___ DATA IN THIS EXERCISE

lemma quadratic_form_ge_on_eigenbasis:
  fixes T :: "'a::real_inner \<Rightarrow> 'a" and c :: "'i \<Rightarrow> 'a"
  assumes "finite I" and T: "linear T" and sym: "\<And>x y. x \<bullet> T y = y \<bullet> T x"
    and eig: "\<And>i. i \<in> I \<Longrightarrow> T (c i) = \<mu> i *\<^sub>R c i"
    and lower: "\<And>i. i \<in> I \<Longrightarrow> m \<le> \<mu> i"
    and w: "w = (\<Sum>i\<in>I. x i *\<^sub>R c i)"
  shows "m * (w \<bullet> w) \<le> w \<bullet> T w"
proof -
  define y where "y i = sqrt (\<mu> i - m) * x i" for i
  \<comment> \<open>Eigenvectors of distinct eigenvalues are orthogonal, so only pairs with
     \<open>\<mu> i = \<mu> j\<close> contribute, and for those \<open>\<mu> j - m = sqrt (\<mu> i - m) * sqrt (\<mu> j - m)\<close>.\<close>
  have pair: "x i * x j * (\<mu> j - m) * (c i \<bullet> c j) = y i * y j * (c i \<bullet> c j)"
    if "i \<in> I" "j \<in> I" for i j
  proof (cases "\<mu> i = \<mu> j")
    case True
    then show ?thesis
      using lower[OF that(2)] by (simp add: y_def real_sqrt_mult[symmetric] algebra_simps)
  next
    case False
    then show ?thesis
      using eigenvectors_orthogonal[OF sym eig[OF that(1)] eig[OF that(2)]] by simp
  qed
  have "T w = (\<Sum>j\<in>I. (x j * \<mu> j) *\<^sub>R c j)"
    using eig by (simp add: w linear_sum[OF T] linear_scale[OF T])
  then have "w \<bullet> T w - m * (w \<bullet> w) = (\<Sum>j\<in>I. \<Sum>i\<in>I. x i * x j * (\<mu> j - m) * (c i \<bullet> c j))"
    by (simp add: w inner_sum_left inner_sum_right sum_distrib_left sum_subtractf[symmetric] algebra_simps)
  also have "\<dots> = (\<Sum>j\<in>I. \<Sum>i\<in>I. y i * y j * (c i \<bullet> c j))"
    by (intro sum.cong refl pair)
  also have "\<dots> = (\<Sum>i\<in>I. y i *\<^sub>R c i) \<bullet> (\<Sum>j\<in>I. y j *\<^sub>R c j)"
    by (simp add: inner_sum_left inner_sum_right sum_distrib_left algebra_simps)
  finally show ?thesis
    using inner_ge_zero[of "\<Sum>i\<in>I. y i *\<^sub>R c i"] by linarith
qed

lemma matrix_inv_right: "invertible A \<Longrightarrow> A ** matrix_inv A = mat 1"
  and matrix_inv_left: "invertible A \<Longrightarrow> matrix_inv A ** A = mat 1"
  unfolding invertible_def matrix_inv_def by (metis (mono_tags, lifting) someI_ex)+

lemma diag_mat_mult_axis: "diag_mat \<Lambda> *v axis i 1 = \<Lambda> $ i *\<^sub>R axis i (1::real)"
  by (simp add: vec_eq_iff matrix_vector_mult_def diag_mat_def axis_def if_distrib[of "\<lambda>a. a * _"]
      cong: if_cong)

lemma quadratic_form_ge_Min_eigenvalue:
  fixes H U :: "real^'n^'n" and \<Lambda> :: "real^'n"
  assumes sym: "\<And>x y. x \<bullet> (H *v y) = y \<bullet> (H *v x)"
    and U: "invertible U" and H: "H = U ** diag_mat \<Lambda> ** matrix_inv U"
  shows "Min (range (\<lambda>i. \<Lambda> $ i)) * (v \<bullet> v) \<le> v \<bullet> (H *v v)"
proof (rule quadratic_form_ge_on_eigenbasis[where T = "(*v) H"])
  have HU: "H ** U = U ** diag_mat \<Lambda>"
    unfolding H by (metis matrix_inv_left[OF U] matrix_mul_assoc matrix_mul_rid)
  fix i
  have "H *v column i U = U *v (diag_mat \<Lambda> *v axis i 1)"
    by (simp add: matrix_vector_mult_basis[symmetric] matrix_vector_mul_assoc HU)
  also have "\<dots> = \<Lambda> $ i *\<^sub>R column i U"
    by (simp only: diag_mat_mult_axis) (simp add: matrix_vector_mult_scaleR matrix_vector_mult_basis)
  finally show "H *v column i U = \<Lambda> $ i *\<^sub>R column i U" .
next
  have "v = U *v (matrix_inv U *v v)"
    by (simp add: matrix_vector_mul_assoc matrix_inv_right[OF U])
  then show "v = (\<Sum>i\<in>UNIV. (matrix_inv U *v v) $ i *\<^sub>R column i U)"
    by (metis matrix_mult_sum scalar_mult_eq_scaleR)
qed (simp_all add: sym matrix_vector_mul_linear)

section \<open>Leave-one-out stability\<close>

lemma card_mult_emp_loss:
  assumes "finite A"
  shows "real (card A) * emp_loss loss D A \<theta> = (\<Sum>i\<in>A. loss \<theta> (D i))"
  using assms by (cases "A = {}") (simp_all add: emp_loss_def)

lemma emp_reg_loss_remove:
  assumes "finite I" "j \<in> I"
  shows "real (card I) * emp_reg_loss loss lam \<gamma> \<theta>\<^sub>0 D I \<theta>
    = (real (card I) - 1) * emp_reg_loss loss lam \<gamma> \<theta>\<^sub>0 D (I - {j}) \<theta> + reg_loss loss lam \<gamma> \<theta>\<^sub>0 \<theta> (D j)"
proof -
  have "1 \<le> card I"
    using assms by (auto simp: Suc_le_eq card_gt_0_iff)
  then have card: "real (card (I - {j})) = real (card I) - 1"
    using assms by (simp add: of_nat_diff)
  have "real (card I) * emp_loss loss D I \<theta> = loss \<theta> (D j) + (\<Sum>i\<in>I - {j}. loss \<theta> (D i))"
    using assms by (simp add: card_mult_emp_loss sum.remove)
  moreover have "(real (card I) - 1) * emp_loss loss D (I - {j}) \<theta> = (\<Sum>i\<in>I - {j}. loss \<theta> (D i))"
    using assms card card_mult_emp_loss[of "I - {j}"] by (metis finite_Diff)
  ultimately show ?thesis
    unfolding emp_reg_loss_def reg_loss_def by (simp add: algebra_simps)
qed

lemma leave_one_out_excess_le:
  assumes "finite I" "j \<in> I"
    and min: "emp_reg_loss loss lam \<gamma> \<theta>\<^sub>0 D (I - {j}) \<theta>' \<le> emp_reg_loss loss lam \<gamma> \<theta>\<^sub>0 D (I - {j}) \<theta>"
  shows "real (card I) * (emp_reg_loss loss lam \<gamma> \<theta>\<^sub>0 D I \<theta>' - emp_reg_loss loss lam \<gamma> \<theta>\<^sub>0 D I \<theta>)
    \<le> reg_loss loss lam \<gamma> \<theta>\<^sub>0 \<theta>' (D j) - reg_loss loss lam \<gamma> \<theta>\<^sub>0 \<theta> (D j)"
proof -
  have "1 \<le> real (card I)"
    using assms(1,2) by (auto simp: Suc_le_eq card_gt_0_iff)
  then have "(real (card I) - 1) * (emp_reg_loss loss lam \<gamma> \<theta>\<^sub>0 D (I - {j}) \<theta>'
      - emp_reg_loss loss lam \<gamma> \<theta>\<^sub>0 D (I - {j}) \<theta>) \<le> 0"
    using min by (simp add: mult_nonneg_nonpos)
  then show ?thesis
    using emp_reg_loss_remove[OF assms(1,2), of loss lam \<gamma> \<theta>\<^sub>0 D \<theta>]
      emp_reg_loss_remove[OF assms(1,2), of loss lam \<gamma> \<theta>\<^sub>0 D \<theta>']
    by (simp add: algebra_simps)
qed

______

Using only the entries above, output the line with "U = \<Lambda>", the line with "(\<Sum>i\<in>UNIV. (matrix_inv U", and all lines between them, exactly as they stand.

  finally show "H *v column i U = \<Lambda> $ i *\<^sub>R column i U" .
next
  have "v = U *v (matrix_inv U *v v)"
    by (simp add: matrix_vector_mul_assoc matrix_inv_right[OF U])
  then show "v = (\<Sum>i\<in>UNIV. (matrix_inv U *v v) $ i *\<^sub>R column i U)"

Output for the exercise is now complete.